48 ponds from the Brussels Capital Region (Belgium) were studied between 2003 and 2009. All the ponds are located within a radius of 10 km. They are all shallow (maximum depth < 3 m; mean depth around 1 m; Table 1), flat-bottomed and range in surface area from 0.1 to 6 ha. A number of ponds are used for different recreational activities of which fishing and boating are the most common. The ponds are populated by fish communities typical of northern Europe. Many of them harbour large stocks of plankti-benthivorous fish (mainly common carp: Cyprinus carpio, and bream: Abramis brama).

Table 1 Mean general characteristics of the ponds studied

During the study period, the ponds were sampled mostly during the warm season (May–September on 6 to 27 occasions per pond) for phytoplankton, zooplankton, main nutrients and submerged vegetation. They were sampled monthly or at least on three occasions per warm season.

One integrated water column sample of 10 l based on 10 random sub-samples of 1 l was taken from each pond with a plastic tube sampler. A special extension was fixed to the sampler to reach the deeper parts of the ponds when appropriate. Secchi depth (SD) was measured with a Secchi disc of 30 cm diameter. When the SD was greater than the depth of the pond, depending on whether the disc was well or poorly visible, 1 or 0.1 m was added to the depth value, respectively.

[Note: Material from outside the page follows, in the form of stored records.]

(* For every integer $n>61$ there is no balanced permutation sequence of length $n$. In particular, only finitely many positive integers $n$ admit a balanced permutation sequence of length $n$.
   Context: Let $n$ be a positive integer, $N$ a set of $n$ players and $[n]=\{1,\ldots,n\}$ a set of $n$ items. A permutation sequence of length $n$ is an ordered tuple $(\pi_1,\ldots,\pi_n)$ of bijections $\pi_t : N\to[n]$; on day $t$ player $i$ receives item $\pi_t(i)$. For $t\in[n]$ and $i\in N$, $Z_i^t$ is the multiset $\{\pi_1(i),\ldots,\pi_t(i)\}$, and for $j\in[t]$, $Z_i^t[j]$ is the $j$-th smallest element of $Z_i^t$ (counted with multiplicity). The sequence is called balanced if for every $t\in[n]$, every $i\in N$ and every $j\in[t]$: $Z_i^t[j]\le \lceil jn/t\rceil$. *)

theory Defs
  imports Complex_Main "HOL-Library.Multiset"
begin

(* A permutation sequence of length n on player set N: days t = 1..n,
   pi t : N -> {1..n} a bijection; on day t player i gets item pi t i. *)
definition perm_seq :: "'a set \<Rightarrow> nat \<Rightarrow> (nat \<Rightarrow> 'a \<Rightarrow> nat) \<Rightarrow> bool" where
  "perm_seq N n \<pi> \<longleftrightarrow> finite N \<and> card N = n \<and> (\<forall>t\<in>{1..n}. bij_betw (\<pi> t) N {1..n})"

definition Z :: "(nat \<Rightarrow> 'a \<Rightarrow> nat) \<Rightarrow> 'a \<Rightarrow> nat \<Rightarrow> nat multiset" where
  "Z \<pi> i t = image_mset (\<lambda>s. \<pi> s i) (mset_set {1..t})"

definition Zj :: "(nat \<Rightarrow> 'a \<Rightarrow> nat) \<Rightarrow> 'a \<Rightarrow> nat \<Rightarrow> nat \<Rightarrow> nat" where
  "Zj \<pi> i t j = sorted_list_of_multiset (Z \<pi> i t) ! (j - 1)"

definition balanced :: "'a set \<Rightarrow> nat \<Rightarrow> (nat \<Rightarrow> 'a \<Rightarrow> nat) \<Rightarrow> bool" where
  "balanced N n \<pi> \<longleftrightarrow> perm_seq N n \<pi> \<and>
     (\<forall>t\<in>{1..n}. \<forall>i\<in>N. \<forall>j\<in>{1..t}.
        real (Zj \<pi> i t j) \<le> real_of_int \<lceil>real j * real n / real t\<rceil>)"

end

theory Submission
  imports Defs
begin

(* Write d_i(t, v) for the number of days s <= t on which
   player i gets an item <= v; balancedness says d_i(t, ceil(j n / t)) >= j, and since every day
   is a bijection, the sum of d_i(t, v) over all players is exactly t v. With a = ceil(n/4),
   b = ceil(n/3), h = ceil(n/2), every player has d_i(3, b) + d_i(4, h) >= 1 + 2, and each of the
   b - a players whose day-3 item lies in (a, b] has one more. Summing gives
   3 n + (b - a) <= 3 b + 4 h, which fails as soon as n >= 50. *)

definition days_le :: "(nat \<Rightarrow> 'a \<Rightarrow> nat) \<Rightarrow> 'a \<Rightarrow> nat \<Rightarrow> nat \<Rightarrow> nat" where
  "days_le \<pi> i t v = card {s \<in> {1..t}. \<pi> s i \<le> v}"

lemma days_le_0 [simp]: "days_le \<pi> i 0 v = 0"
  by (simp add: days_le_def)

lemma days_le_Suc: "days_le \<pi> i (Suc t) v = days_le \<pi> i t v + of_bool (\<pi> (Suc t) i \<le> v)"
proof -
  have "{s \<in> {1..Suc t}. \<pi> s i \<le> v} =
        (if \<pi> (Suc t) i \<le> v then insert (Suc t) {s \<in> {1..t}. \<pi> s i \<le> v}
         else {s \<in> {1..t}. \<pi> s i \<le> v})"
    by (auto simp: le_Suc_eq)
  then show ?thesis
    unfolding days_le_def by simp
qed

lemma nat_ceiling_of_nat_divide:
  assumes "0 < t"
  shows "nat \<lceil>real m / real t\<rceil> = (m + t - 1) div t"
proof -
  define q where "q = (m + t - 1) div t"
  have "m + t - 1 = q * t + (m + t - 1) mod t"
    unfolding q_def by simp
  moreover have "(m + t - 1) mod t < t" using assms by simp
  ultimately have "m \<le> q * t" "q * t < m + t" by linarith+
  then have "real m \<le> real q * real t" "real q * real t < real m + real t"
    by (simp_all only: of_nat_le_iff of_nat_less_iff flip: of_nat_mult of_nat_add)
  then have "real_of_int (int q) - 1 < real m / real t" "real m / real t \<le> real_of_int (int q)"
    using assms by (simp_all add: field_simps)
  then have "\<lceil>real m / real t\<rceil> = int q" by (intro ceiling_unique) auto
  then show ?thesis unfolding q_def by simp
qed

lemma sorted_nth_le_imp_less_length_filter:
  fixes xs :: "'b::linorder list"
  assumes "sorted xs" "j < length xs" "xs ! j \<le> v"
  shows "j < length (filter (\<lambda>x. x \<le> v) xs)"
proof -
  have "xs ! k \<le> v" if "k \<le> j" for k
    using sorted_nth_mono[OF assms(1) that assms(2)] assms(3) by simp
  then have "\<forall>x \<in> set (take (Suc j) xs). x \<le> v"
    by (auto simp: in_set_conv_nth)
  then have "filter (\<lambda>x. x \<le> v) (take (Suc j) xs) = take (Suc j) xs"
    by simp
  then have "length (filter (\<lambda>x. x \<le> v) (take (Suc j) xs)) = Suc j"
    using assms(2) by simp
  moreover have "filter (\<lambda>x. x \<le> v) xs =
      filter (\<lambda>x. x \<le> v) (take (Suc j) xs) @ filter (\<lambda>x. x \<le> v) (drop (Suc j) xs)"
    by (metis append_take_drop_id filter_append)
  ultimately show ?thesis by simp
qed

lemma nth_sorted_list_of_multiset_le_imp_less_size:
  fixes M :: "'b::linorder multiset"
  assumes "j < size M" "sorted_list_of_multiset M ! j \<le> v"
  shows "j < size {# x \<in># M. x \<le> v #}"
proof -
  have "j < length (filter (\<lambda>x. x \<le> v) (sorted_list_of_multiset M))"
    using assms by (intro sorted_nth_le_imp_less_length_filter) (auto simp flip: size_mset)
  then show ?thesis
    by (metis mset_filter mset_sorted_list_of_multiset size_mset)
qed

lemma balanced_imp_days_le:
  assumes "balanced N n \<pi>" "t \<in> {1..n}" "i \<in> N" "j \<in> {1..t}" "(j * n + t - 1) div t \<le> v"
  shows "j \<le> days_le \<pi> i t v"
proof -
  have "real (Zj \<pi> i t j) \<le> real_of_int \<lceil>real (j * n) / real t\<rceil>"
    using assms unfolding balanced_def by auto
  then have "Zj \<pi> i t j \<le> nat \<lceil>real (j * n) / real t\<rceil>"
    by linarith
  moreover have "nat \<lceil>real (j * n) / real t\<rceil> = (j * n + t - 1) div t"
    using assms(2) by (intro nat_ceiling_of_nat_divide) simp
  ultimately have "Zj \<pi> i t j \<le> v"
    using assms(5) by simp
  moreover have "size (Z \<pi> i t) = t" and "size {# x \<in># Z \<pi> i t. x \<le> v #} = days_le \<pi> i t v"
    by (simp_all add: Z_def days_le_def filter_mset_image_mset)
  ultimately show ?thesis
    using nth_sorted_list_of_multiset_le_imp_less_size[of "j - 1" "Z \<pi> i t"] assms(4)
    unfolding Zj_def by fastforce
qed

lemma card_le_of_bij_betw:
  assumes "bij_betw f A {1..n}" "v \<le> n"
  shows "card {x \<in> A. f x \<le> v} = v"
proof -
  have "inj_on f {x \<in> A. f x \<le> v}"
    using assms(1) by (auto simp: bij_betw_def intro: inj_on_subset)
  moreover have "f ` {x \<in> A. f x \<le> v} = f ` A \<inter> {..v}"
    by auto
  then have "f ` {x \<in> A. f x \<le> v} = {1..v}"
    using assms by (auto simp: bij_betw_def)
  ultimately show ?thesis
    by (metis card_atLeastAtMost card_image diff_Suc_1)
qed

lemma card_between_of_bij_betw:
  assumes "bij_betw f A {1..n}" "a \<le> b" "b \<le> n"
  shows "card {x \<in> A. a < f x \<and> f x \<le> b} = b - a"
proof -
  have "{x \<in> A. a < f x \<and> f x \<le> b} = {x \<in> A. f x \<le> b} - {x \<in> A. f x \<le> a}"
    by auto
  moreover have "finite A"
    using assms(1) bij_betw_finite by blast
  ultimately show ?thesis
    using assms by (simp add: card_Diff_subset card_le_of_bij_betw subset_iff)
qed

lemma sum_days_le:
  assumes "perm_seq N n \<pi>" "t \<le> n" "v \<le> n"
  shows "(\<Sum>i\<in>N. days_le \<pi> i t v) = t * v"
proof -
  have "finite N" using assms(1) by (simp add: perm_seq_def)
  have "(\<Sum>i\<in>N. days_le \<pi> i t v) = (\<Sum>i\<in>N. \<Sum>s\<in>{1..t}. of_bool (\<pi> s i \<le> v))"
    by (simp add: days_le_def Int_def)
  also have "\<dots> = (\<Sum>s\<in>{1..t}. \<Sum>i\<in>N. of_bool (\<pi> s i \<le> v))"
    by (rule sum.swap)
  also have "\<dots> = (\<Sum>s\<in>{1..t}. card {i \<in> N. \<pi> s i \<le> v})"
    using \<open>finite N\<close> by (simp add: Int_def)
  also have "\<dots> = (\<Sum>s\<in>{1..t}. v)"
    using assms by (intro sum.cong refl card_le_of_bij_betw) (auto simp: perm_seq_def)
  finally show ?thesis by simp
qed

lemma mult_card_add_card_le_sum:
  fixes f :: "'b \<Rightarrow> nat"
  assumes "finite A" "B \<subseteq> A" "\<And>x. x \<in> A \<Longrightarrow> c + of_bool (x \<in> B) \<le> f x"
  shows "c * card A + card B \<le> sum f A"
proof -
  have "(\<Sum>x\<in>A. c + of_bool (x \<in> B)) = c * card A + card B"
    using assms(1,2) by (simp add: sum.distrib Int_absorb1 Int_commute)
  moreover have "(\<Sum>x\<in>A. c + of_bool (x \<in> B)) \<le> sum f A"
    using assms(3) by (rule sum_mono)
  ultimately show ?thesis by simp
qed

(* Let the day-3 item lie in (a, b]. Either one of days 1, 2 also has an item <= b, or the item
   <= a among days 1..4 comes on day 4; then, with the day among 1, 2 having an item <= h, three of
   the days 1..4 have an item <= h. *)
lemma days_le_extra_if_mid_item:
  assumes "a \<le> b" "b \<le> h"
    and "1 \<le> days_le \<pi> i 2 h" "1 \<le> days_le \<pi> i 3 b" "1 \<le> days_le \<pi> i 4 a" "2 \<le> days_le \<pi> i 4 h"
  shows "3 + of_bool (a < \<pi> 3 i \<and> \<pi> 3 i \<le> b) \<le> days_le \<pi> i 3 b + days_le \<pi> i 4 h"
  using assms by (auto simp: days_le_Suc numeral_eq_Suc of_bool_def split: if_splits)

lemma not_balanced_if_gt_49:
  assumes "49 < n"
  shows "\<not> balanced N n \<pi>"
proof
  assume bal: "balanced N n \<pi>"
  then have perm: "perm_seq N n \<pi>" by (simp add: balanced_def)
  then have "finite N" "card N = n" "bij_betw (\<pi> 3) N {1..n}"
    using assms by (auto simp: perm_seq_def)
  define a b h where "a = (n + 3) div 4" and "b = (n + 2) div 3" and "h = (n + 1) div 2"
  have "a \<le> b" "b \<le> h" "h \<le> n" "4 * a \<le> n + 3" "3 * b \<le> n + 2" "2 * h \<le> n + 1"
    unfolding a_def b_def h_def by linarith+
  define P where "P = {i \<in> N. a < \<pi> 3 i \<and> \<pi> 3 i \<le> b}"
  have "card P = b - a"
    unfolding P_def using \<open>a \<le> b\<close> \<open>b \<le> h\<close> \<open>h \<le> n\<close>
    by (intro card_between_of_bij_betw[OF \<open>bij_betw (\<pi> 3) N {1..n}\<close>]) auto
  have "3 + of_bool (i \<in> P) \<le> days_le \<pi> i 3 b + days_le \<pi> i 4 h" if "i \<in> N" for i
  proof -
    have "1 \<le> days_le \<pi> i 2 h" "1 \<le> days_le \<pi> i 3 b" "1 \<le> days_le \<pi> i 4 a"
      using that assms unfolding a_def b_def h_def by (auto intro: balanced_imp_days_le[OF bal])
    moreover have "2 \<le> days_le \<pi> i 4 h"
      using that assms unfolding h_def by (intro balanced_imp_days_le[OF bal]) auto
    ultimately have "3 + of_bool (a < \<pi> 3 i \<and> \<pi> 3 i \<le> b) \<le> days_le \<pi> i 3 b + days_le \<pi> i 4 h"
      using \<open>a \<le> b\<close> \<open>b \<le> h\<close> by (intro days_le_extra_if_mid_item)
    then show ?thesis
      using that unfolding P_def by simp
  qed
  then have "3 * n + card P \<le> (\<Sum>i\<in>N. days_le \<pi> i 3 b + days_le \<pi> i 4 h)"
    using mult_card_add_card_le_sum[of N P 3] \<open>finite N\<close> \<open>card N = n\<close> P_def by auto
  also have "\<dots> = 3 * b + 4 * h"
    using sum_days_le[OF perm] assms \<open>b \<le> h\<close> \<open>h \<le> n\<close> by (simp add: sum.distrib)
  finally show False
    using \<open>card P = b - a\<close> \<open>a \<le> b\<close> \<open>4 * a \<le> n + 3\<close> \<open>3 * b \<le> n + 2\<close> \<open>2 * h \<le> n + 1\<close> assms
    by linarith
qed

theorem mainTheorem4:
  "(\<forall>(n::nat) (N::'a set) \<pi>. n > 61 \<longrightarrow> \<not> balanced N n \<pi>) \<and>
   finite {n::nat. n > 0 \<and> (\<exists>(N::'a set) \<pi>. balanced N n \<pi>)}"
proof
  show "\<forall>(n::nat) (N::'a set) \<pi>. n > 61 \<longrightarrow> \<not> balanced N n \<pi>"
    by (intro allI impI not_balanced_if_gt_49) simp
  have "n \<le> 49" if "balanced (N::'a set) n \<pi>" for n N \<pi>
    using not_balanced_if_gt_49 that leI by metis
  then have "{n::nat. n > 0 \<and> (\<exists>(N::'a set) \<pi>. balanced N n \<pi>)} \<subseteq> {..49}"
    by auto
  then show "finite {n::nat. n > 0 \<and> (\<exists>(N::'a set) \<pi>. balanced N n \<pi>)}"
    using finite_subset by blast
qed

end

After stirring the collected water, dissolved oxygen, pH, conductivity and temperature were measured with a portable meter (WTW 340i); 500 ml of the water were taken for phytoplankton identification and enumeration and 1 l for Chl a analysis. For soluble reactive phosphorus (SRP), and dissolved inorganic nitrogen (DIN) determination, a 100 ml water sample was filtered through a GF/C glass microfiber filter and stored in a cooler. In the laboratory, the samples were frozen until analysis on a Quaatro segmented flow analysis system (Seal Analytical limited) according to the manufacturer procedures. For total phosphorus determination, a 100 ml water sample was stored in a cooler. Total phosphorus was determined using the persulfate digestion method (APHA-AWWA-WEF, 1995). The samples for Chl a determination were kept in a cooler until delivery to the laboratory where they were immediately filtered onto GF/C glass microfiber filters. Filters were stored at −18°C for several days before analysis. Pigments were extracted in 90% acetone in the dark, at 4°C, overnight. Chl a concentrations were measured spectrophotometrically with a correction for pheophytin a (APHA-AWWA-WEF, 1995).

Phytoplankton samples were preserved with Lugol’s solution, sodium thiosulfate and buffered formalin (Kemp et al., 1993). Phytoplankton was then identified to genus level and counted using a modified Utermöhl sedimentation technique (Hasle, 1978). Biovolumes were calculated using the approximations of cell shapes to simple geometrical forms (Wetzel & Likens, 1990).

For zooplankton, a mixed 10 l sample consisting of 10 random sub-samples of 1 l was taken from each pond. Zooplankton samples were filtered in the field through a 64 μm mesh net and preserved in 4% formaldehyde (final concentration) before being identified and counted using an inverted microscope. The length of large Cladocera (Daphnia spp., Eurycercus spp., Sida spp. and Simocephalus spp.; Moss et al. 2003) was measured and taken as an indicator of grazing intensity and size-selective predation (Pourriot, 1995; Carpenter et al., 2001).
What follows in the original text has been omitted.